-------- Source information

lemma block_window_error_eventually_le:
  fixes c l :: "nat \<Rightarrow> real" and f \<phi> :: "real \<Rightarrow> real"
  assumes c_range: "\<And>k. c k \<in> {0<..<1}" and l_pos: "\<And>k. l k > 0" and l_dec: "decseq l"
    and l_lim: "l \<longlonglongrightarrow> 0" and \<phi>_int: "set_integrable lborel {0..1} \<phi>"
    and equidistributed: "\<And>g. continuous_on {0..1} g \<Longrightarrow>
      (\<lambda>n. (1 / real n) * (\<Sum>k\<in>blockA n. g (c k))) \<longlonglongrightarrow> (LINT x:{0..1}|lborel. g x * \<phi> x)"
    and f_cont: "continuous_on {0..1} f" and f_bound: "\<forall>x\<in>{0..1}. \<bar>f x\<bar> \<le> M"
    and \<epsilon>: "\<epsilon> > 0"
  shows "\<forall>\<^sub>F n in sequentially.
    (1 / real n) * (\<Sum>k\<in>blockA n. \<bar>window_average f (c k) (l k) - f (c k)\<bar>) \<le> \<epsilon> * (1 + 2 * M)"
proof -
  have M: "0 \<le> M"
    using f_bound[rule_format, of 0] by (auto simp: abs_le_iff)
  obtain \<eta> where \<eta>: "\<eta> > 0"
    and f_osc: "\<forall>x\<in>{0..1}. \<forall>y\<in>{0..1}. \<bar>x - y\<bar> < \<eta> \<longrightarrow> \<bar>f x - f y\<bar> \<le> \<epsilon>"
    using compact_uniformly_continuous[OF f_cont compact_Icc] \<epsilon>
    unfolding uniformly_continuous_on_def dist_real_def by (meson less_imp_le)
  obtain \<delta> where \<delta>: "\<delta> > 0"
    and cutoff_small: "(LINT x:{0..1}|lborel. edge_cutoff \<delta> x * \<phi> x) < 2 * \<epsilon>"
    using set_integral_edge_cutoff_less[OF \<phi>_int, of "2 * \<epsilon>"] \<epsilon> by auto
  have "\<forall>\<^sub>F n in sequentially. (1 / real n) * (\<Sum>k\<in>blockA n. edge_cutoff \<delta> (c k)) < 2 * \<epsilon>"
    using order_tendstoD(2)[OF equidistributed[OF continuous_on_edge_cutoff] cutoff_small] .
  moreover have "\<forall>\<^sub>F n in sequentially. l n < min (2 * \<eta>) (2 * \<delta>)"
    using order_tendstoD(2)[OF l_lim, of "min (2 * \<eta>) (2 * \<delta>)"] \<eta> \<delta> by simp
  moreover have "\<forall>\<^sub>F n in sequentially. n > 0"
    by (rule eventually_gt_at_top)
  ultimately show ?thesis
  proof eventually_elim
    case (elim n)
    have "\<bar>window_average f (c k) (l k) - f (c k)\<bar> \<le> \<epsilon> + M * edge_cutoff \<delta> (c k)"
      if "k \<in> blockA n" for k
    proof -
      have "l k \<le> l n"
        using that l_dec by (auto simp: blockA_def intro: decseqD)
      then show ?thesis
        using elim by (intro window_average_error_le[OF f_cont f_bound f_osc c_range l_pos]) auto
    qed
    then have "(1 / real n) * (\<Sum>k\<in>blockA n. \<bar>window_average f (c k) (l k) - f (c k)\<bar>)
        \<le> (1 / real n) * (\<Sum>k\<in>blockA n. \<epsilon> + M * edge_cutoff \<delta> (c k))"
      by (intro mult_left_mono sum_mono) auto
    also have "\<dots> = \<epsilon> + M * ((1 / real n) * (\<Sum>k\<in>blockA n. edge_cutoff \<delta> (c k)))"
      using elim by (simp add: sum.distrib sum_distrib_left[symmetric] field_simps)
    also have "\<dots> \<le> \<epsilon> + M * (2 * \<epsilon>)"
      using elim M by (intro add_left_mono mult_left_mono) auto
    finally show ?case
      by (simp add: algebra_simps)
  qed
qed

----------------

▸ What to work on:
Wherever a line in the entries holds "longlonglongrightarrow", copy that line.

▸ Task output:
    and l_lim: "l \<longlonglongrightarrow> 0" and \<phi>_int: "set_integrable lborel {0..1} \<phi>"
      (\<lambda>n. (1 / real n) * (\<Sum>k\<in>blockA n. g (c k))) \<longlonglongrightarrow> (LINT x:{0..1}|lborel. g x * \<phi> x)"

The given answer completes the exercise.